Nach der Festnahme eines mutmaßlich korrupten Staatsanwalts in Niedersachsen wird der Umgang des Justizministeriums mit dem Fall infrage gestellt. Die Opposition sieht einen Skandal, Justizministerin Wahlmann hält dagegen.
Der Fall des korrupten Staatsanwalts aus Niedersachsen hat nicht nur aufgrund der Dimensionen des Kokain-Schmuggelfalls, deren Mitglieder der 39-Jährige mit Informationen versorgt haben soll, für Aufsehen gesorgt. Nach der Festnahme wird vor allem auch auf die Rolle des Justizministeriums geblickt. Hat sich die Justiz einen Skandal erlaubt?
Niedersachsens Justizministerin Kathrin Wahlmann (SPD) hat nach eigenen Angaben erst im Oktober 2024 von den seit drei Monaten laufenden erneuten Ermittlungen erfahren. Der Staatsanwalt sitzt seit Ende Oktober unter anderem wegen des Verdachts der Bestechlichkeit in einem besonders schweren Fall in Untersuchungshaft. "Details darüber habe ich nicht erfahren", sagte Wahlmann. Um den Ermittlungserfolg nicht zu gefährden, sei höchste Vertraulichkeit erforderlich gewesen.
Das Verfahren gegen den 39-Jährigen war laut Wahlmann nach Auskunft der Staatsanwaltschaft Hannover am 19. Juni 2024 wieder aufgenommen worden. "Davon wurde das niedersächsische Justizministerium am 22. Oktober mündlich informiert", sagte die Ministerin vor Journalisten. Der Staatssekretär habe ihr erzählt, dass gegen den beschuldigten Staatsanwalt aus Hannover ein Haftbefehl vollstreckt werden sollte.
Opposition spricht von "Justizskandal"
Zuvor gab es bereits im November 2022 eine Durchsuchung der Privatwohnung und des Dienstzimmers des verdächtigen Juristen.

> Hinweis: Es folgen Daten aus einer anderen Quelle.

lemma weak_decomposition_dominating_strategy:
  fixes u :: "'th::finite \<Rightarrow> 'a \<Rightarrow> real"
  assumes "decision_problem A" "weak_decomposition A u k As us"
    and s: "\<And>l. l < k \<Longrightarrow> s l \<in> strategies m Y (As l)"
  obtains \<sigma> where "\<sigma> \<in> strategies m Y A"
    "\<And>ys \<theta>. ys \<in> joint_signals m Y \<Longrightarrow>
      (\<Sum>l<k. \<Sum>b\<in>As l. s l ys b * us l \<theta> b) \<le> (\<Sum>a\<in>A. \<sigma> ys a * u \<theta> a)"
proof -
  have "\<forall>ys\<in>joint_signals m Y. \<exists>\<alpha>. is_dist A \<alpha> \<and>
      (\<forall>\<theta>. (\<Sum>l<k. \<Sum>b\<in>As l. s l ys b * us l \<theta> b) \<le> (\<Sum>a\<in>A. \<alpha> a * u \<theta> a))"
    using s by (auto simp: strategies_def intro!: weak_decomposition_dominates[OF assms(1,2)])
  then obtain \<sigma> where \<sigma>: "\<forall>ys\<in>joint_signals m Y. is_dist A (\<sigma> ys) \<and>
      (\<forall>\<theta>. (\<Sum>l<k. \<Sum>b\<in>As l. s l ys b * us l \<theta> b) \<le> (\<Sum>a\<in>A. \<sigma> ys a * u \<theta> a))"
    by (auto dest: bchoice)
  then have "\<sigma> \<in> strategies m Y A" by (auto simp: strategies_def)
  with \<sigma> that show ?thesis by blast
qed

lemma product_experiment_in_couplings:
  assumes "\<forall>j<m. is_experiment (Y j) (P j)"
  shows "(\<lambda>\<theta> ys. \<Prod>j<m. P j \<theta> (ys j)) \<in> couplings m Y P"
proof -
  have fin: "\<And>j. j < m \<Longrightarrow> finite (Y j)" and d: "\<And>j \<theta>. j < m \<Longrightarrow> is_dist (Y j) (P j \<theta>)"
    using assms by (auto simp: is_experiment_def)
  have "is_dist (joint_signals m Y) (\<lambda>ys. \<Prod>j<m. P j \<theta> (ys j))" for \<theta>
  proof -
    have "(\<Sum>ys\<in>joint_signals m Y. \<Prod>j<m. P j \<theta> (ys j)) = (\<Prod>j<m. \<Sum>y\<in>Y j. P j \<theta> y)"
      unfolding joint_signals_def using fin by (subst prod_sum_PiE) auto
    also have "\<dots> = 1" using d by (simp add: is_dist_def)
    finally show ?thesis using d
      by (auto simp: is_dist_def joint_signals_def PiE_def intro!: prod_nonneg)
  qed
  moreover have "(\<Sum>ys\<in>{ys \<in> joint_signals m Y. ys j = y}. \<Prod>i<m. P i \<theta> (ys i)) = P j \<theta> y"
    if j: "j < m" "y \<in> Y j" for \<theta> j y
  proof -
    have "{ys \<in> joint_signals m Y. ys j = y} = PiE {..<m} (Y(j := {y}))"
      using j unfolding joint_signals_def by (auto simp: PiE_def Pi_def)
    then have "(\<Sum>ys\<in>{ys \<in> joint_signals m Y. ys j = y}. \<Prod>i<m. P i \<theta> (ys i))
        = (\<Prod>i<m. \<Sum>z\<in>(Y(j := {y})) i. P i \<theta> z)"
      using fin by (simp only:) (subst prod_sum_PiE; auto)
    also have "\<dots> = (\<Prod>i<m. if i = j then P j \<theta> y else 1)"
      using d by (intro prod.cong) (auto simp: is_dist_def)
    also have "\<dots> = P j \<theta> y" using j by (simp add: prod.delta)
    finally show ?thesis .
  qed
  ultimately show ?thesis unfolding couplings_def by auto
qed
lemma conv_scale_left: "conv (\<lambda>m. c * f m) g = (\<lambda>n. c * conv f g n)"
  by (simp add: conv_def sum_distrib_left mult.assoc fun_eq_iff)

lemma conv_scale_right: "conv f (\<lambda>m. c * g m) = (\<lambda>n. c * conv f g n)"
  using conv_scale_left[of c g f] by (simp add: conv_commute)

lemma shift_add: "shift (a + b) f = shift a (shift b f)"
  by (auto simp: shift_def fun_eq_iff)

lemma conv_shift_left: "conv (shift d f) g = shift d (conv f g)"
proof (induction d)
  case 0 then show ?case by (simp add: shift_def fun_eq_iff)
next
  case (Suc d)
  have "conv (shift 1 h) g = shift 1 (conv h g)" for h
  proof
    fix n show "conv (shift 1 h) g n = shift 1 (conv h g) n"
    proof (cases n)
      case (Suc m)
      have "conv (shift 1 h) g n = (\<Sum>i\<le>m. h i * g (m - i))"
        unfolding conv_def Suc sum.atMost_Suc_shift by (simp add: shift_def)
      then show ?thesis by (simp add: Suc shift_def conv_def)
    qed (simp add: conv_def shift_def)
  qed
  then show ?case using Suc shift_add[of 1 d] by simp
qed

lemma conv_shift_right: "conv g (shift d f) = shift d (conv g f)"
  using conv_shift_left[of d f g] by (simp add: conv_commute)

lemma conv_shift_both: "conv (shift a f) (shift b g) = shift (a + b) (conv f g)"
proof -
  have "conv (shift a f) (shift b g) = shift a (conv f (shift b g))" by (rule conv_shift_left)
  also have "\<dots> = shift (a + b) (conv f g)" by (simp only: conv_shift_right shift_add)
  finally show ?thesis .
qed

lemma conv_quadratic_unique:
  assumes "X 0 = 0" "Y 0 = 0"
    and "\<And>n. X n = e n + conv X X n" "\<And>n. Y n = e n + conv Y Y n"
  shows "X n = Y n"
proof (induction n rule: less_induct)
  case (less n)
  have "X i * X (n - i) = Y i * Y (n - i)" if "i \<le> n" for i
    using that less assms(1,2) by (cases "i = 0 \<or> i = n") auto
  then have "conv X X n = conv Y Y n" unfolding conv_def by (intro sum.cong) auto
  then show ?case using assms(3,4) by metis
qed
text \<open>
  An invariant basis family \<open>\<B>\<close> is determined by the triples \<open>{1, u, v}\<close> it contains. The
  closure \<open>H\<close> of \<open>{1}\<close> consists of \<open>1\<close> and the elements parallel to \<open>1\<close>; parallelism is
  transitive and invariant under translation, so \<open>H\<close> is a subgroup whose left cosets are the
  parallel classes. For \<open>a \<notin> H\<close> the closure of \<open>{1} \<union> aH\<close> is the line through \<open>1\<close> and \<open>a\<close>,
  and two nontrivial cosets are related iff they lie on the same line through \<open>1\<close>. Condition (1)
  is the same statement seen from \<open>a\<close> after translating by \<open>a\<inverse>\<close>; condition (2) holds because
  every \<open>h \<in> H\<close> is parallel to \<open>1\<close> and may replace it in a basis.
  Conversely, a pair \<open>(H, \<sim>)\<close> declares \<open>1, u, v\<close> collinear when \<open>u \<in> H\<close>, \<open>v \<in> H\<close> or
  \<open>uH \<sim> vH\<close>, and general triples by translation. The non-collinear triples satisfy basis
  exchange because any three points on a line through two non-parallel points are collinear, and
  the two constructions are mutually inverse. Finally, the matroid is simple iff no element other
  than \<open>1\<close> is parallel to \<open>1\<close>, i.e. iff \<open>H = {1}\<close>.
\<close>

section \<open>Bases, independence, rank and closure\<close>

lemma matroid_bases_finite: "matroid_bases E \<B> \<Longrightarrow> finite E"
  by (simp add: matroid_bases_def)

lemma matroid_bases_subset: "matroid_bases E \<B> \<Longrightarrow> B \<in> \<B> \<Longrightarrow> B \<subseteq> E"
  by (auto simp: matroid_bases_def)
(* A groupoid cocycle phi is determined by its values phi(x, m, sigma^m x) on the "positive" arrows,
  and these values form a semigroup cocycle c(m)(x) = phi(x, m, sigma^m x): the cocycle identity of
  c is the multiplicativity of phi along (x, m, sigma^m x)(sigma^m x, n, sigma^(m+n) x).
  Conversely, c(m)(x) - c(n)(y) does not depend on the representation (m, n) of an arrow
  (x, m - n, y), because adding the same p to m and n changes both terms by c(p)(sigma^m x)
  = c(p)(sigma^n y); multiplicativity follows the same way, and continuity holds since
  the formula is continuous on each basic open set.  The two constructions are mutually
  inverse and additive, and coboundaries alpha - alpha o sigma^n correspond to f(x) - f(y). *)

lemma funpow_commute_funpow:
  assumes "\<And>x. f (g x) = g (f x)"
  shows "(f ^^ a) ((g ^^ b) x) = (g ^^ b) ((f ^^ a) x)"
proof -
  have fg: "(f ^^ a) (g x) = g ((f ^^ a) x)" for x
    using assms by (induction a arbitrary: x) auto
  show ?thesis
    by (induction b arbitrary: x) (simp_all add: fg)
qed

lemma continuous_on_funpow:
  fixes f :: "'a::topological_space \<Rightarrow> 'a"
  assumes "continuous_on UNIV f"
  shows "continuous_on UNIV (f ^^ n)"
proof (induction n)
  case (Suc n)
  have "continuous_on UNIV (f \<circ> f ^^ n)"
    by (rule continuous_on_compose[OF Suc.IH continuous_on_subset[OF assms]]) simp
  then show ?case by simp
qed (simp add: continuous_on_id)


subsection \<open>The semigroup N^k\<close>

lemma Nk_add: "m \<in> Nk k \<Longrightarrow> n \<in> Nk k \<Longrightarrow> m + n \<in> Nk k"
  by (simp add: Nk_def)

lemma zero_in_Nk [simp]: "0 \<in> Nk k"
  by (simp add: Nk_def)

lemma unitvec_in_Nk: "i < k \<Longrightarrow> unitvec i \<in> Nk k"
  by (simp add: Nk_def unitvec_def)

lemma zdiff_add: "zdiff m n + zdiff p q = zdiff (m + p) (n + q)"
  by (simp add: zdiff_def fun_eq_iff)

lemma zdiff_eq_iff: "zdiff m n = zdiff p q \<longleftrightarrow> m + q = p + n"
proof -
  have "int (m i) - int (n i) = int (p i) - int (q i) \<longleftrightarrow> m i + q i = p i + n i" for i
    by presburger
  then show ?thesis
    by (simp add: zdiff_def fun_eq_iff)
qed
(* Let $u_0 \ge 1$ and $r \ge 1$ be integers with $\gcd(u_0,r)=1$. For an integer $n \ge 1$ define $$k_n := \max\left\{0,\ \left\lfloor \frac{n-u_0}{r+1}\right\rfloor + 1\right\}.$$ Let $a \ge 2$ be any given integer. Then for any integers $\alpha \ge a$, $r \ge a$ and $n \ge 2\alpha r$, we have $n - k_n > (\alpha + a - 2) r$.
   Context: $\lfloor x\rfloor$ denotes the largest integer not exceeding $x$. *)

theory Defs
  imports Complex_Main
begin

definition k_seq :: "int \<Rightarrow> int \<Rightarrow> int \<Rightarrow> int" where
  "k_seq u0 r n = max 0 (\<lfloor>real_of_int (n - u0) / real_of_int (r + 1)\<rfloor> + 1)"

end

theory Submission
  imports Defs
begin

text \<open>Only \<open>u0 \<ge> 1\<close> matters about \<open>u0\<close>: it gives \<open>(r + 1) (k_n - 1) \<le> n - 1\<close>, i.e.
  \<open>(r + 1) (n - k_n) \<ge> r (n - 1)\<close>. So it suffices that \<open>n - 1 > (\<alpha> + a - 2) (r + 1)\<close>,
  which follows from \<open>n \<ge> 2 \<alpha> r\<close> because
  \<open>2 \<alpha> r - 1 - (\<alpha> + a - 2) (r + 1) = (\<alpha> - a) (r - 1) + 2 (r - a) + 1\<close>.\<close>

lemma k_seq_eq_div: "k_seq u0 r n = max 0 ((n - u0) div (r + 1) + 1)"
  unfolding k_seq_def by (metis floor_divide_of_int_eq of_int_add of_int_1)

lemma k_seq_mult_le:
  fixes u0 r n :: int
  assumes "u0 \<ge> 1" and "r \<ge> 0" and "n \<ge> 1"
  shows "(r + 1) * k_seq u0 r n \<le> n + r"
proof (cases "(n - u0) div (r + 1) + 1 \<le> 0")
  case True
  then show ?thesis using assms by (simp add: k_seq_eq_div)
next
  case False
  have "(r + 1) * ((n - u0) div (r + 1)) \<le> n - u0"
    using assms(2) by (simp add: pos_mod_sign minus_mod_eq_mult_div [symmetric])
  then show ?thesis using False assms(1) by (simp add: k_seq_eq_div algebra_simps)
qed

lemma n_minus_k_seq_lower_bound:
  fixes u0 r n :: int
  assumes "u0 \<ge> 1" and "r \<ge> 0" and "n \<ge> 1"
  shows "r * (n - 1) \<le> (r + 1) * (n - k_seq u0 r n)"
  using k_seq_mult_le [OF assms] by (simp add: algebra_simps)

lemma shifted_product_less_of_ge_double:
  fixes a \<alpha> r n :: int
  assumes "\<alpha> \<ge> a" and "r \<ge> a" and "r \<ge> 1" and "n \<ge> 2 * \<alpha> * r"
  shows "n - 1 > (\<alpha> + a - 2) * (r + 1)"
proof -
  have "(\<alpha> - a) * (r - 1) \<ge> 0" using assms by simp
  then have "2 * \<alpha> * r - 1 - (\<alpha> + a - 2) * (r + 1) > 0"
    using assms(2) by (simp add: algebra_simps)
  then show ?thesis using assms(4) by linarith
qed

theorem lemma3p1:
  fixes u0 r a \<alpha> n :: int
  assumes "u0 \<ge> 1" and "r \<ge> 1" and "gcd u0 r = 1"
    and "a \<ge> 2" and "\<alpha> \<ge> a" and "r \<ge> a"
    and "n \<ge> 1" and "n \<ge> 2 * \<alpha> * r"
  shows "n - k_seq u0 r n > (\<alpha> + a - 2) * r"
proof -
  have "(r + 1) * ((\<alpha> + a - 2) * r) = r * ((\<alpha> + a - 2) * (r + 1))"
    by (simp add: algebra_simps)
  also have "\<dots> < r * (n - 1)"
    using shifted_product_less_of_ge_double [OF assms(5,6,2,8)] assms(2) by simp
  also have "\<dots> \<le> (r + 1) * (n - k_seq u0 r n)"
    using n_minus_k_seq_lower_bound assms(1,2,7) by simp
  finally show ?thesis
    using assms(2) mult_less_cancel_left_pos [of "r + 1"] by simp
qed

end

Die Ermittlungen wurden jedoch laut Ministerium später eingestellt, weil dem Mann nicht nachgewiesen werden konnte, dass er das Leck in den Behörden gewesen war.
Konkret wird der 39-Jährige unter anderem verdächtigt, die international agierende Rauschgiftbande 2021 vor einer bundesweiten Razzia gewarnt zu haben. Führende Köpfe der Bande setzten sich ins Ausland ab. Für Informationen soll der Jurist eine große Summe Bargeld erhalten haben. LTO hatte berichtet.
Die oppositionelle CDU spricht in dem Fall von einem "Justizskandal" und hat eine Kleine Anfrage mit annähernd 150 Fragen an das niedersächsische Justizministerium gestellt. Der Staatsanwalt sei zwar im Februar 2024 von der Drogenabteilung in die Abteilung Kapitalverbrechen versetzt worden, sei aber noch in diesem Sommer Chefankläger in einem Drogenverfahren gewesen, kritisiert die CDU-Abgeordnete Carina Hermann. "Der beschuldigte Staatsanwalt konnte drei Jahre lang diesen Kokain-Fall weiterbearbeiten, bei dem er selbst mit drinhängen soll", hatte die Juristin LTO gegenüber moniert. "Das hätte sich die Justiz so nicht erlauben dürfen."
Ermittlungen wurden ausgelagert
Die CDU kritisiert zudem, dass zunächst die Staatsanwaltschaft Hannover gegen den eigenen Kollegen ermittelte. Am Wochenende wurde bekannt, dass Wahlmann fortan den Oldenburger Generalstaatsanwalt mit den Ermittlungen in diesem Fall betraut. "Das begrüßen wir", sagte Hermann der dpa.
"Von einem Skandal zu reden, finde ich ein bisschen schwierig", sagte Wahlmann. Es gebe insgesamt 16.000 Beschäftigte in der niedersächsischen Justiz, die zum überwiegenden Teil einen hervorragenden Job leisteten. Sie hielte es für sehr schade, wenn das Versagen eines Einzelnen dazu genommen werde, die Justiz insgesamt in Misskredit zu bringen. "Klar ist aber auch, dass dieser Fall möglichst schnell aufgeklärt werden muss, und da ist die Justiz auch schon dabei."